> What this task involves:
Needed from the data below: every line from the one with "fix q r assume" up to and including the one with "by (simp add: h_def)", repeated exactly and with nothing else.

> Stored data entries:
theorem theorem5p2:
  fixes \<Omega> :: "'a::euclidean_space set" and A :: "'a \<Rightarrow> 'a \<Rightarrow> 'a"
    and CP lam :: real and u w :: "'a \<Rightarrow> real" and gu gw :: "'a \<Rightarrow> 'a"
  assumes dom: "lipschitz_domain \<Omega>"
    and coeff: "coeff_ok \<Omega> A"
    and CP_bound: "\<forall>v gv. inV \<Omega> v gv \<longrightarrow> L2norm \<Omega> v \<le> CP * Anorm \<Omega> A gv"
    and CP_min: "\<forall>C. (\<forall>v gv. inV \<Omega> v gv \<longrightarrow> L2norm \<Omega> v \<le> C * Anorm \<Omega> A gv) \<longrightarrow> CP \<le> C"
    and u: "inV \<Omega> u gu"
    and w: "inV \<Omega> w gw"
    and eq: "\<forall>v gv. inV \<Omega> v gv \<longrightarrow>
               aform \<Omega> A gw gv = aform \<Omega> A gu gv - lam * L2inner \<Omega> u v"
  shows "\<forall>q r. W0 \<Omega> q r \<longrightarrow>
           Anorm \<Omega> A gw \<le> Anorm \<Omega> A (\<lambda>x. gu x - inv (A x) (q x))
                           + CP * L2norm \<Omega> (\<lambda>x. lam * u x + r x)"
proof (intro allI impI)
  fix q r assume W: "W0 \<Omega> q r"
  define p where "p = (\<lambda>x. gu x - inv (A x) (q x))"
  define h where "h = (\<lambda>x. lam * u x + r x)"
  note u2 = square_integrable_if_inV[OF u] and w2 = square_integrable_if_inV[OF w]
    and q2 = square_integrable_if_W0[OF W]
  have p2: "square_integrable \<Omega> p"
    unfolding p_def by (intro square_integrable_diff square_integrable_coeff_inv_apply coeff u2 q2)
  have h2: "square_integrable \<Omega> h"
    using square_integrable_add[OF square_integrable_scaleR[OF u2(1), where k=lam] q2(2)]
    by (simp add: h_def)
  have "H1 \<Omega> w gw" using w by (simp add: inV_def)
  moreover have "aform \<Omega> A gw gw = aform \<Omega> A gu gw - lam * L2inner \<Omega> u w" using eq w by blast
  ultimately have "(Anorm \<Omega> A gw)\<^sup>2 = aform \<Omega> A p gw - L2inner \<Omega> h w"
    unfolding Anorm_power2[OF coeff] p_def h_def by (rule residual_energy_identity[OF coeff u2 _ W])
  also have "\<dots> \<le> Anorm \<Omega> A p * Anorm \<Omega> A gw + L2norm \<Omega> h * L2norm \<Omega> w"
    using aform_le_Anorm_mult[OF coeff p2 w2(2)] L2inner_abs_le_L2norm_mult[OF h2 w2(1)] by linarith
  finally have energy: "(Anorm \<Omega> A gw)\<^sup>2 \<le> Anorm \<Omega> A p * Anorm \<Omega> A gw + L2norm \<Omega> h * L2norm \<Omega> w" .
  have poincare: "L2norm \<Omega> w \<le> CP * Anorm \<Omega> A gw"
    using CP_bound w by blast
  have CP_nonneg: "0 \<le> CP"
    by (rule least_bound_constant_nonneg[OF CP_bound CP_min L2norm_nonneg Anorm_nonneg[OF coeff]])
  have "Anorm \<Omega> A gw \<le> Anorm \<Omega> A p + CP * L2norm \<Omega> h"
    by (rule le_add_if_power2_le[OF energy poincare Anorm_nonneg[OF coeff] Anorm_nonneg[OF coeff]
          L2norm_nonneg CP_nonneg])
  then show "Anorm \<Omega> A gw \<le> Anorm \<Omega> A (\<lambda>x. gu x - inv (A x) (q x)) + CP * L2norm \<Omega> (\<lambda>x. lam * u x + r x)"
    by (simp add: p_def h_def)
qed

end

> Task output:
  fix q r assume W: "W0 \<Omega> q r"
  define p where "p = (\<lambda>x. gu x - inv (A x) (q x))"
  define h where "h = (\<lambda>x. lam * u x + r x)"
  note u2 = square_integrable_if_inV[OF u] and w2 = square_integrable_if_inV[OF w]
    and q2 = square_integrable_if_W0[OF W]
  have p2: "square_integrable \<Omega> p"
    unfolding p_def by (intro square_integrable_diff square_integrable_coeff_inv_apply coeff u2 q2)
  have h2: "square_integrable \<Omega> h"
    using square_integrable_add[OF square_integrable_scaleR[OF u2(1), where k=lam] q2(2)]
    by (simp add: h_def)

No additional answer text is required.